By Eric Prisbell
Washington Post Staff Writer
Sunday, January 14, 2007
Is this the best collection of freshmen, from coast to coast, ever to play college basketball?
The primary reason the class of 2010 is even in the discussion is because of the NBA's age minimum, which now requires players to be 19 years old and a year removed from high school to be eligible for the draft. The rule that prompted last year's best high school players to give college a try, at least for a year, has given college basketball a freshman class that rivals the best in memory.

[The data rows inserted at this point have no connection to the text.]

(* Assume $s\le n+2$ and let ${\mathcal L}={\mathcal L}_{n,d}(m_1,\dots,m_s)$ be a non-empty linear system. Let $0\le r\le \min(n,s)-1$. Then for every $I\subseteq\{1,\dots,s\}$ with $|I|=r+1$, the linear system ${\mathcal L}$ contains the cycle $L_I$ in its base locus with multiplicity (exactly) $k_I$ (in particular, if $k_I=0$, $L_I$ is not contained in the base locus).
   Context: ${\mathcal L}_{n,d}(m_1,\dots,m_s)$ is the linear system of degree-$d$ hypersurfaces in complex ${\mathbb P}^n$ with multiplicity at least $m_i$ at general points $p_1,\dots,p_s$. For $I\subseteq\{1,\dots,s\}$ with $|I|=r+1$, $L_I\cong{\mathbb P}^r$ is the linear span of the points $p_i$, $i\in I$, and $k_I:=\max\left(\sum_{i\in I}m_i-rd,\,0\right)$. *)

theory Defs
  imports Complex_Main
begin

definition pmonos :: "'v set \<Rightarrow> nat \<Rightarrow> ('v \<Rightarrow> nat) set" where
  "pmonos V D = {\<alpha>. (\<forall>v. v \<notin> V \<longrightarrow> \<alpha> v = 0) \<and> (\<Sum>v\<in>V. \<alpha> v) \<le> D}"

definition peval :: "'v set \<Rightarrow> nat \<Rightarrow> (('v \<Rightarrow> nat) \<Rightarrow> complex) \<Rightarrow> ('v \<Rightarrow> complex) \<Rightarrow> complex" where
  "peval V D g y = (\<Sum>\<alpha>\<in>pmonos V D. g \<alpha> * (\<Prod>v\<in>V. y v ^ \<alpha> v))"

definition hmonos :: "nat \<Rightarrow> nat \<Rightarrow> (nat \<Rightarrow> nat) set" where
  "hmonos n d = {\<alpha>. (\<forall>i>n. \<alpha> i = 0) \<and> (\<Sum>i\<le>n. \<alpha> i) = d}"

(* A degree-d form F = sum c(alpha) x^alpha (coefficients taken on hmonos n d);
   value at x of the partial derivative d^beta F. *)
definition dpeval :: "nat \<Rightarrow> nat \<Rightarrow> ((nat \<Rightarrow> nat) \<Rightarrow> complex) \<Rightarrow> (nat \<Rightarrow> nat) \<Rightarrow> (nat \<Rightarrow> complex) \<Rightarrow> complex" where
  "dpeval n d c \<beta> x = (\<Sum>\<alpha>\<in>hmonos n d. c \<alpha> *
      (\<Prod>i\<le>n. of_nat ((\<alpha> i choose \<beta> i) * fact (\<beta> i)) * x i ^ (\<alpha> i - \<beta> i)))"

Leading the class of 2010 brigade is Ohio State's Greg Oden, who draws comparisons already to Celtics legend Bill Russell. Then there is Kevin Durant, who leads Texas in points, rebounds and blocks. Add in another near-7-footer in Spencer Hawes, who leads Washington in scoring, shooting percentage and blocks. Completing the foursome is North Carolina's Brandan Wright, who leads the ACC in shooting percentage and already has won five conference rookie of the week awards.
All four are expected to be high NBA draft picks whenever they decide to forgo their college eligibility. All four could also be starring on a television near you this March in the NCAA tournament. But this class also has depth. Arizona's Coach Lute Olson has said freshman Chase Budinger could be the best freshman he has coached. And Connecticut's 7-foot-3 Hasheem Thabeet is a shot-blocking savant.
Kevin Garnett set the high school-to-pros movement in motion in 1995. His college class of 1999, even without Garnett, is still considered the recent benchmark for freshman talent. There was Stephon Marbury, who played just one season at Georgia Tech before starting a star-crossed NBA career. There was also Vince Carter, Antawn Jamison, Paul Pierce, Chauncey Billups and Shareef Abdur-Rahim, all of whom became recognizable NBA performers. None of those players, however, won a national championship in college.
The college class of 1985, on the other hand, included Michael Jordan and Patrick Ewing, two players who competed in a total of four national title games, winning two of them. Both players went on to fairly successful professional careers as well.
One thing is certain about the class of 2010. It's hard to imagine any of the aforementioned freshmen sticking around college basketball through graduation day.